Lisa Dodson
Author, Professor, and Public Sociologist
Lisa is a professor of sociology at Boston College and teaches graduate and undergraduate courses on poverty, work and family, and public policy. She has published numerous articles and policy papers based on collaborative research with people who are coping with economic hardship in the US. Dodson’s most recent focus is documenting the family effects of a deeply stratified economy that is undermining working families and the larger society.

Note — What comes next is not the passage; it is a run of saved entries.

(* Fix any non-negative integer load vector $x^{(t_1)}$ with $\|x^{(t_1)}\|_{1} \leq n \cdot \mathrm{e}^{-(\log n)^{\sigma}}$ for some constant $\sigma \in (0,1)$. Consider a round $t_2 > t_1$ such that (for the given matchings) $[t_1,t_2]$ is $(n,n^{-3})$-smoothing, and let $Z:= \sum_{v \in V} y_v x_v^{(t_2)}$, where $y$ is any non-negative vector with $\|y \|_{1} = 1$. Then for any $\delta > 0$ (and $n$ sufficiently large), \[ \Pr\left[ Z \geq \mathrm{e}^{-\frac{1}{5} (\log n)^{\sigma}} + 8 \| y \|_{\infty} (\log n)^{\delta} \right] \leq \mathrm{e}^{-(\log n)^{\delta+\sigma}/ 6}. \]
   Context: $G=(V,E)$ has $n$ nodes; a matching $\mathbf{M}^{(t)}\subseteq E$ is identified with the symmetric matrix with entries $1/2$ on $(u,u),(v,v),(u,v),(v,u)$ for $\{u,v\}\in\mathbf{M}^{(t)}$, $1$ on the diagonal for unmatched nodes, $0$ elsewhere. Discrete protocol: for each $\{u,v\}\in\mathbf{M}^{(t)}$ both nodes get $\lfloor (x^{(t-1)}_u+x^{(t-1)}_v)/2\rfloor$ tokens and the excess token (if the sum is odd) goes to $u$ or $v$ with probability $1/2$ each, independently; unmatched nodes keep their load. Continuous process: $\xi^{(t)}=\xi^{(t-1)}\mathbf{M}^{(t)}$. $[t_1,t_2]$ is $(K,\epsilon)$-smoothing if every $\xi^{(t_1)}\in\mathbb{R}^n$ with discrepancy $\max_{u,v}|\xi_u-\xi_v|\le K$ yields $\xi^{(t_2)}$ with discrepancy at most $\epsilon$. The probability is over the random orientations. The paper assumes $n$ sufficiently large throughout. *)

theory Defs
  imports "HOL-Probability.Probability"
begin

text \<open>Nodes are V = {0..<n}. A matching is a set of ordered pairs (u,v), each
  representing the edge {u,v} exactly once, with pairwise disjoint endpoints.\<close>

definition is_matching :: "nat \<Rightarrow> (nat \<times> nat) set \<Rightarrow> bool" where
  "is_matching n M \<longleftrightarrow> M \<subseteq> {0..<n} \<times> {0..<n} \<and> (\<forall>(u,v)\<in>M. u \<noteq> v) \<and>
     (\<forall>e\<in>M. \<forall>e'\<in>M. e \<noteq> e' \<longrightarrow> {fst e, snd e} \<inter> {fst e', snd e'} = {})"

definition matching_matrix :: "(nat \<times> nat) set \<Rightarrow> nat \<Rightarrow> nat \<Rightarrow> real" where
  "matching_matrix M u v =
     (if (\<exists>e\<in>M. u \<in> {fst e, snd e} \<and> v \<in> {fst e, snd e}) then 1/2
      else if u = v \<and> (\<forall>e\<in>M. u \<notin> {fst e, snd e}) then 1 else 0)"

definition cont_step :: "nat \<Rightarrow> (nat \<times> nat) set \<Rightarrow> (nat \<Rightarrow> real) \<Rightarrow> (nat \<Rightarrow> real)" where
  "cont_step n M \<xi> = (\<lambda>v. \<Sum>u\<in>{0..<n}. \<xi> u * matching_matrix M u v)"

text \<open>xi^(t1 + k) from xi^(t1), using matchings M (t1+1), ..., M (t1+k).\<close>
fun cont_run :: "nat \<Rightarrow> (nat \<Rightarrow> (nat \<times> nat) set) \<Rightarrow> nat \<Rightarrow> nat \<Rightarrow> (nat \<Rightarrow> real) \<Rightarrow> (nat \<Rightarrow> real)" where
  "cont_run n M t1 0 \<xi> = \<xi>"
| "cont_run n M t1 (Suc k) \<xi> = cont_step n (M (t1 + Suc k)) (cont_run n M t1 k \<xi>)"

definition discrepancy :: "nat \<Rightarrow> (nat \<Rightarrow> real) \<Rightarrow> real" where
  "discrepancy n \<xi> = Max {\<bar>\<xi> u - \<xi> v\<bar> | u v. u \<in> {0..<n} \<and> v \<in> {0..<n}}"

definition smoothing :: "nat \<Rightarrow> (nat \<Rightarrow> (nat \<times> nat) set) \<Rightarrow> nat \<Rightarrow> nat \<Rightarrow> real \<Rightarrow> real \<Rightarrow> bool" where
  "smoothing n M t1 t2 K \<epsilon> \<longleftrightarrow>
     (\<forall>\<xi>. discrepancy n \<xi> \<le> K \<longrightarrow> discrepancy n (cont_run n M t1 (t2 - t1) \<xi>) \<le> \<epsilon>)"

text \<open>Discrete protocol, one round. The coin c e = True sends the excess token of
  edge e = (u,v) to u, False sends it to v; coins are independent fair.\<close>
definition disc_update :: "(nat \<times> nat) set \<Rightarrow> (nat \<Rightarrow> nat) \<Rightarrow> ((nat \<times> nat) \<Rightarrow> bool) \<Rightarrow> nat \<Rightarrow> nat" where
  "disc_update M x c w =
     (if \<exists>e\<in>M. w \<in> {fst e, snd e} then
        (let e = (THE e. e \<in> M \<and> w \<in> {fst e, snd e}); s = x (fst e) + x (snd e) in
           s div 2 + (if odd s \<and> ((c e \<and> w = fst e) \<or> (\<not> c e \<and> w = snd e)) then 1 else 0))
      else x w)"

definition disc_step :: "(nat \<times> nat) set \<Rightarrow> (nat \<Rightarrow> nat) \<Rightarrow> (nat \<Rightarrow> nat) pmf" where
  "disc_step M x = map_pmf (disc_update M x) (Pi_pmf M False (\<lambda>_. bernoulli_pmf (1/2)))"

fun disc_run :: "(nat \<Rightarrow> (nat \<times> nat) set) \<Rightarrow> nat \<Rightarrow> nat \<Rightarrow> (nat \<Rightarrow> nat) \<Rightarrow> (nat \<Rightarrow> nat) pmf" where
  "disc_run M t1 0 x = return_pmf x"
| "disc_run M t1 (Suc k) x = disc_run M t1 k x \<bind> disc_step (M (t1 + Suc k))"

end

theory Submission
  imports Defs
begin

text \<open>
  Chernoff bound through an exponential potential. For positive weights \<open>f\<close>, one round of
  the discrete protocol does not increase the expectation of \<open>\<Prod>v. f v ^ x v\<close> beyond the same
  product with \<open>f\<close> replaced by its average \<open>M f\<close> over the matching: on an edge carrying
  \<open>s\<close> tokens the two roundings average to at most \<open>((f u + f v) / 2) ^ s\<close> by AM-GM. Iterating,
  and moving the averaging operators onto the loads, \<open>E exp (\<lambda> Z)\<close> is at most
  \<open>exp (\<Sum>u. \<xi> u * (exp (\<lambda> y u) - 1))\<close>, where \<open>\<xi>\<close> is the continuous process run from the
  same initial loads. Smoothing makes every \<open>\<xi> u\<close> at most \<open>\<mu> = sum x / n + n powr -3\<close>, and
  convexity of \<open>exp\<close> bounds the exponent by \<open>\<mu> (exp (\<lambda> Y) - 1) / Y\<close> with \<open>Y = Max y\<close>.
  Markov's inequality with \<open>\<lambda> = (ln n) powr \<sigma> / (48 Y)\<close> gives the bound.
\<close>

abbreviation matched :: "(nat \<times> nat) set \<Rightarrow> nat \<Rightarrow> bool" where
  "matched M w \<equiv> \<exists>e\<in>M. w \<in> {fst e, snd e}"

lemma matching_edge_unique:
  assumes "is_matching n M" "e \<in> M" "e' \<in> M" "w \<in> {fst e, snd e}" "w \<in> {fst e', snd e'}"
  shows "e = e'"
  using assms unfolding is_matching_def by blast

lemma matching_edge_distinct: "is_matching n M \<Longrightarrow> e \<in> M \<Longrightarrow> fst e \<noteq> snd e"
  unfolding is_matching_def by auto

lemma matching_edge_bounded:
  assumes "is_matching n M" "e \<in> M"
  shows "fst e < n" "snd e < n"
  using assms unfolding is_matching_def by auto

lemma finite_matching: "is_matching n M \<Longrightarrow> finite M"
  unfolding is_matching_def by (meson finite_SigmaI finite_atLeastLessThan finite_subset)

lemma the_matching_edge:
  assumes "is_matching n M" "e \<in> M" "w \<in> {fst e, snd e}"
  shows "(THE e'. e' \<in> M \<and> w \<in> {fst e', snd e'}) = e"
  using assms matching_edge_unique[OF assms(1)] by (intro the_equality) blast+

lemma prod_matching_split:
  assumes "is_matching n M"
  shows "(\<Prod>v\<in>{0..<n}. g v) =
    (\<Prod>v\<in>{v\<in>{0..<n}. \<not> matched M v}. g v) * (\<Prod>e\<in>M. g (fst e) * g (snd e))"
proof -
  have fin: "finite M" using finite_matching[OF assms] .
  have split: "{0..<n} = {v\<in>{0..<n}. \<not> matched M v} \<union> (\<Union>e\<in>M. {fst e, snd e})"
    using matching_edge_bounded[OF assms] by auto
  have "(\<Prod>v\<in>{0..<n}. g v) =
      (\<Prod>v\<in>{v\<in>{0..<n}. \<not> matched M v}. g v) * (\<Prod>v\<in>(\<Union>e\<in>M. {fst e, snd e}). g v)"
    by (subst split, rule prod.union_disjoint) (use fin in auto)
  also have "(\<Prod>v\<in>(\<Union>e\<in>M. {fst e, snd e}). g v) = (\<Prod>e\<in>M. \<Prod>v\<in>{fst e, snd e}. g v)"
    by (rule prod.UNION_disjoint) (use fin assms in \<open>auto simp: is_matching_def\<close>)
  also have "\<dots> = (\<Prod>e\<in>M. g (fst e) * g (snd e))"
    by (intro prod.cong) (auto simp: matching_edge_distinct[OF assms])
  finally show ?thesis .
qed

text \<open>The (symmetric) matching matrix acting on column vectors, i.e. the adjoint of \<open>cont_step\<close>.\<close>
definition matching_avg :: "nat \<Rightarrow> (nat \<times> nat) set \<Rightarrow> (nat \<Rightarrow> real) \<Rightarrow> nat \<Rightarrow> real" where
  "matching_avg n M f u = (\<Sum>v\<in>{0..<n}. matching_matrix M u v * f v)"

lemma matching_avg_matched:
  assumes "is_matching n M" "e \<in> M" "w \<in> {fst e, snd e}"
  shows "matching_avg n M f w = (f (fst e) + f (snd e)) / 2"
proof -
  have "matching_matrix M w v = (if v \<in> {fst e, snd e} then 1/2 else 0)" for v
  proof -
    have "(\<exists>e'\<in>M. w \<in> {fst e', snd e'} \<and> v \<in> {fst e', snd e'}) = (v \<in> {fst e, snd e})"
      using assms matching_edge_unique[OF assms(1)] by blast
    then show ?thesis using assms unfolding matching_matrix_def by auto
  qed
  then have "matching_avg n M f w = (\<Sum>v\<in>{0..<n}. if v \<in> {fst e, snd e} then f v / 2 else 0)"
    unfolding matching_avg_def by (intro sum.cong) auto
  also have "\<dots> = (\<Sum>v\<in>{0..<n} \<inter> {fst e, snd e}. f v / 2)"
    by (rule sum.inter_restrict[symmetric]) simp
  also have "\<dots> = (\<Sum>v\<in>{fst e, snd e}. f v / 2)"
    using matching_edge_bounded[OF assms(1,2)] by (intro sum.cong) auto
  finally show ?thesis using matching_edge_distinct[OF assms(1,2)] by (simp add: add_divide_distrib)
qed

lemma matching_avg_unmatched:
  assumes "\<not> matched M w" "w < n"
  shows "matching_avg n M f w = f w"
proof -
  have "matching_avg n M f w = (\<Sum>v\<in>{0..<n}. if v = w then f v else 0)"
    unfolding matching_avg_def matching_matrix_def using assms(1) by (intro sum.cong) auto
  then show ?thesis using assms by simp
qed

lemma matching_avg_pos:
  assumes "is_matching n M" "\<forall>v<n. 0 < f v" "u < n"
  shows "0 < matching_avg n M f u"
proof (cases "matched M u")
  case True
  then obtain e where e: "e \<in> M" "u \<in> {fst e, snd e}" by blast
  moreover have "0 < f (fst e)" "0 < f (snd e)"
    using assms(2) matching_edge_bounded[OF assms(1) e(1)] by auto
  ultimately show ?thesis unfolding matching_avg_matched[OF assms(1) e] by simp
qed (use assms matching_avg_unmatched in auto)

lemma matching_avg_one: "is_matching n M \<Longrightarrow> u < n \<Longrightarrow> matching_avg n M (\<lambda>_. 1) u = 1"
  by (cases "matched M u") (auto simp: matching_avg_matched matching_avg_unmatched)

lemma disc_update_unmatched: "\<not> matched M w \<Longrightarrow> disc_update M x c w = x w"
  unfolding disc_update_def by simp

lemma disc_update_fst:
  assumes "is_matching n M" "e \<in> M"
  shows "disc_update M x c (fst e) =
    (x (fst e) + x (snd e)) div 2 + (if odd (x (fst e) + x (snd e)) \<and> c e then 1 else 0)"
  using assms the_matching_edge[OF assms, of "fst e"] matching_edge_distinct[OF assms]
  unfolding disc_update_def by (auto simp: Let_def)

lemma disc_update_snd:
  assumes "is_matching n M" "e \<in> M"
  shows "disc_update M x c (snd e) =
    (x (fst e) + x (snd e)) div 2 + (if odd (x (fst e) + x (snd e)) \<and> \<not> c e then 1 else 0)"
  using assms the_matching_edge[OF assms, of "snd e"] matching_edge_distinct[OF assms]
  unfolding disc_update_def by (auto simp: Let_def)

text \<open>The two ways of splitting \<open>s\<close> tokens as evenly as possible, weighted by \<open>p\<close> and \<open>q\<close>,
  average to at most the even real split; for odd \<open>s\<close> this is AM-GM \<open>p q \<le> ((p + q)/2)\<^sup>2\<close>.\<close>
lemma coin_average_le_power:
  fixes p q :: real
  assumes "0 \<le> p" "0 \<le> q"
  shows "(p ^ (s div 2 + (if odd s then 1 else 0)) * q ^ (s div 2) +
          p ^ (s div 2) * q ^ (s div 2 + (if odd s then 1 else 0))) / 2 \<le> ((p + q) / 2) ^ s"
proof -
  define k where "k = s div 2"
  have "p * q \<le> ((p + q) / 2)\<^sup>2"
    using zero_le_power2[of "(p - q) / 2"] by (simp add: power2_eq_square field_simps)
  then have pq: "(p * q) ^ k \<le> ((p + q) / 2) ^ (2 * k)"
    using assms by (simp add: power_mult power_mono)
  show ?thesis
  proof (cases "odd s")
    case True
    then have "s = 2 * k + 1" unfolding k_def by presburger
    moreover have "(p ^ (k + 1) * q ^ k + p ^ k * q ^ (k + 1)) / 2 = (p * q) ^ k * ((p + q) / 2)"
      by (simp add: power_mult_distrib field_simps)
    moreover have "(p * q) ^ k * ((p + q) / 2) \<le> ((p + q) / 2) ^ (2 * k) * ((p + q) / 2)"
      using pq assms by (intro mult_right_mono) auto
    ultimately show ?thesis using True by (simp add: k_def[symmetric] mult.commute)
  next
    case False
    then have "s = 2 * k" unfolding k_def by presburger
    then show ?thesis using False pq by (simp add: k_def[symmetric] power_mult_distrib)
  qed
qed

Currently, she is leading a study that is documenting barriers and successes of low-income mothers and children working with the Boston-based anti-poverty organization, the Crittenton Women’s Union.

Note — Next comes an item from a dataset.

(* Let $E$ be a (real, Hausdorff) locally convex space and let $B\subseteq E$ be a bounded subset. Then $B$ is tame in $E$ if and only if $B$ contains no bounded $l^1$-sequence. Consequently, a locally convex space $E$ is tame if and only if $E$ contains no bounded $l^1$-sequence.
   Context: For a locally convex space $E$, $E^*$ denotes its topological dual and ${\rm eqc}(E^* )$ the family of all equicontinuous, weak-star compact subsets of $E^*$. A sequence of real functions $(f_n)_{n\in\mathbb N}$ on a set $X$ is independent if there are reals $a<b$ such that $\bigcap_{n\in P} f_n^{-1}(-\infty,a)\cap\bigcap_{n\in M} f_n^{-1}(b,\infty)\neq\emptyset$ for all finite disjoint $P,M\subseteq\mathbb N$. A bounded family of real functions on $X$ is tame if it contains no independent sequence. A bounded subset $B\subseteq E$ is tame (in $E$) if for every $K\in{\rm eqc}(E^* )$ the family of functions $\{K\to\mathbb R,\ \varphi\mapsto\varphi(b)\}_{b\in B}$ is a tame family on $K$. $E$ is tame if every bounded subset of $E$ is tame. A bounded sequence $(x_n)$ in $E$ is an $l^1$-sequence (equivalent to the $l^1$-basis) if there exist a continuous seminorm $\rho$ on $E$ and $\delta>0$ such that $\delta\sum_{i=1}^n|c_i|\le\rho(\sum_{i=1}^n c_ix_i)$ for all $n$ and all reals $c_1,\dots,c_n$. *)

theory Defs
  imports "HOL-Analysis.Analysis"
begin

Previously, Dodson was on the faculty at Harvard University and a Policy Fellow at the Radcliffe Public Policy Center where she wrote her first book Don’t Call Us Out of Name: The Untold Lives of Women and Girls in Poor America (Beacon Press 1999). The book explored the lives of low-income mothers raising children after welfare reform. Based on her research, Dodson has presented findings at US Congressional hearings and recently to the US Equal Employment Opportunity Commission, as well as in many community organizations, labor groups, and public school and health forums. In her earlier career, Dr. Dodson was the director of women’s health division for the Commonwealth of Massachusetts, an obstetrical nurse, and labor union organizer.
Lisa Dodson’s new book The Moral Underground is featured in The American Prospect January 2010 and she will be discussing the book in numerous national radio shows over the spring of 2010.